Zachary1150/merge_accfmt_MRL4096_ROLLOUT4_LR2e-6_w0.5_dare_ties
Zachary1150/merge_accfmt_MRL4096_ROLLOUT4_LR2e-6_w0.5_dare_ties is a 1.5 billion parameter language model merge, created using the DARE TIES method. It is based on deepseek-ai/DeepSeek-R1-Distill-Qwen-1.5B and combines two actor models, featuring a substantial context length of 131072 tokens. This model is designed for applications requiring a compact yet capable language model with an extended context window, leveraging model merging techniques for potentially enhanced performance.
Loading preview...
Model Overview
This model, merge_accfmt_MRL4096_ROLLOUT4_LR2e-6_w0.5_dare_ties, is a 1.5 billion parameter language model created by Zachary1150. It was developed using the mergekit tool, specifically employing the DARE TIES merge method, which is detailed in the paper DARE TIES.
Key Characteristics
- Base Model: The merge is built upon
deepseek-ai/DeepSeek-R1-Distill-Qwen-1.5B. - Merged Components: It integrates two distinct actor models, each contributing with a weight and density of 0.5, indicating a balanced combination.

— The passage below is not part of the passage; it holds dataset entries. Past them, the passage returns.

(* Let $d\ge2$, $n\ge1$. For every $n$-qudit unitary $U$, $$\mathrm{CiS}[U]=\max_{O:\ \|O\|_2=1,\ \mathrm{Tr}(O)=0}\big|I[UOU^\dagger]-I[O]\big|.$$
   Context: Let $V=\mathbb{Z}_d\times\mathbb{Z}_d$; for $a=(s,t)\in V$, $P_a=X^sZ^t$ with $X|j\rangle=|j+1\bmod d\rangle$, $Z|j\rangle=e^{2\pi ij/d}|j\rangle$; $P_{\vec a}=\bigotimes_iP_{a_i}$, $|\vec a|=\#\{i:a_i\ne(0,0)\}$. $\|A\|_2=(d^{-n}\mathrm{Tr}(A^\dagger A))^{1/2}$. For $\|O\|_2=1$, $P_O[\vec a]=d^{-2n}|\mathrm{Tr}(OP_{\vec a})|^2$, $I[O]=\sum_{\vec a}|\vec a|P_O[\vec a]$, and $\mathrm{CiS}[U]=\max_{O:\|O\|_2=1}|I[UOU^\dagger]-I[O]|$. *)

theory Defs
  imports Complex_Main "Jordan_Normal_Form.Matrix"
begin

text \<open>n-qudit operators are complex (d^n x d^n) matrices. The basis index j < d^n
  encodes the computational basis state whose i-th qudit (i < n) is the i-th base-d digit of j.\<close>

definition digit :: "nat \<Rightarrow> nat \<Rightarrow> nat \<Rightarrow> nat" where
  "digit d i j = (j div d ^ i) mod d"

text \<open>Matrix entry (j,k) of X^s Z^t on one qudit, where X|k> = |k+1 mod d>, Z|k> = e^{2 pi i k/d}|k>.\<close>
definition pauli1 :: "nat \<Rightarrow> nat \<times> nat \<Rightarrow> nat \<Rightarrow> nat \<Rightarrow> complex" where
  "pauli1 d a j k = (if j = (k + fst a) mod d then cis (2 * pi * real (snd a * k) / real d) else 0)"

text \<open>Generalized Pauli string P_a = tensor product of P_{a_i}, i < n.\<close>
definition pauli :: "nat \<Rightarrow> nat \<Rightarrow> (nat \<Rightarrow> nat \<times> nat) \<Rightarrow> complex mat" where
  "pauli d n a = mat (d ^ n) (d ^ n) (\<lambda>(j, k). \<Prod>i<n. pauli1 d (a i) (digit d i j) (digit d i k))"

- Merge Method: Utilizes the DARE TIES technique, known for its approach to merging models by pruning and re-scaling weights.
- Context Length: Features a notable context window of 131072 tokens, allowing for processing very long inputs.
Potential Use Cases
- Long-Context Applications: Ideal for tasks requiring extensive contextual understanding, such as summarizing long documents, code analysis, or complex conversational agents.
- Resource-Constrained Environments: As a 1.5B parameter model, it offers a balance of capability and efficiency, suitable for deployment where larger models are impractical.
- Experimental Merging: Useful for researchers and developers interested in exploring the effects of the DARE TIES merging strategy on specific base models and components.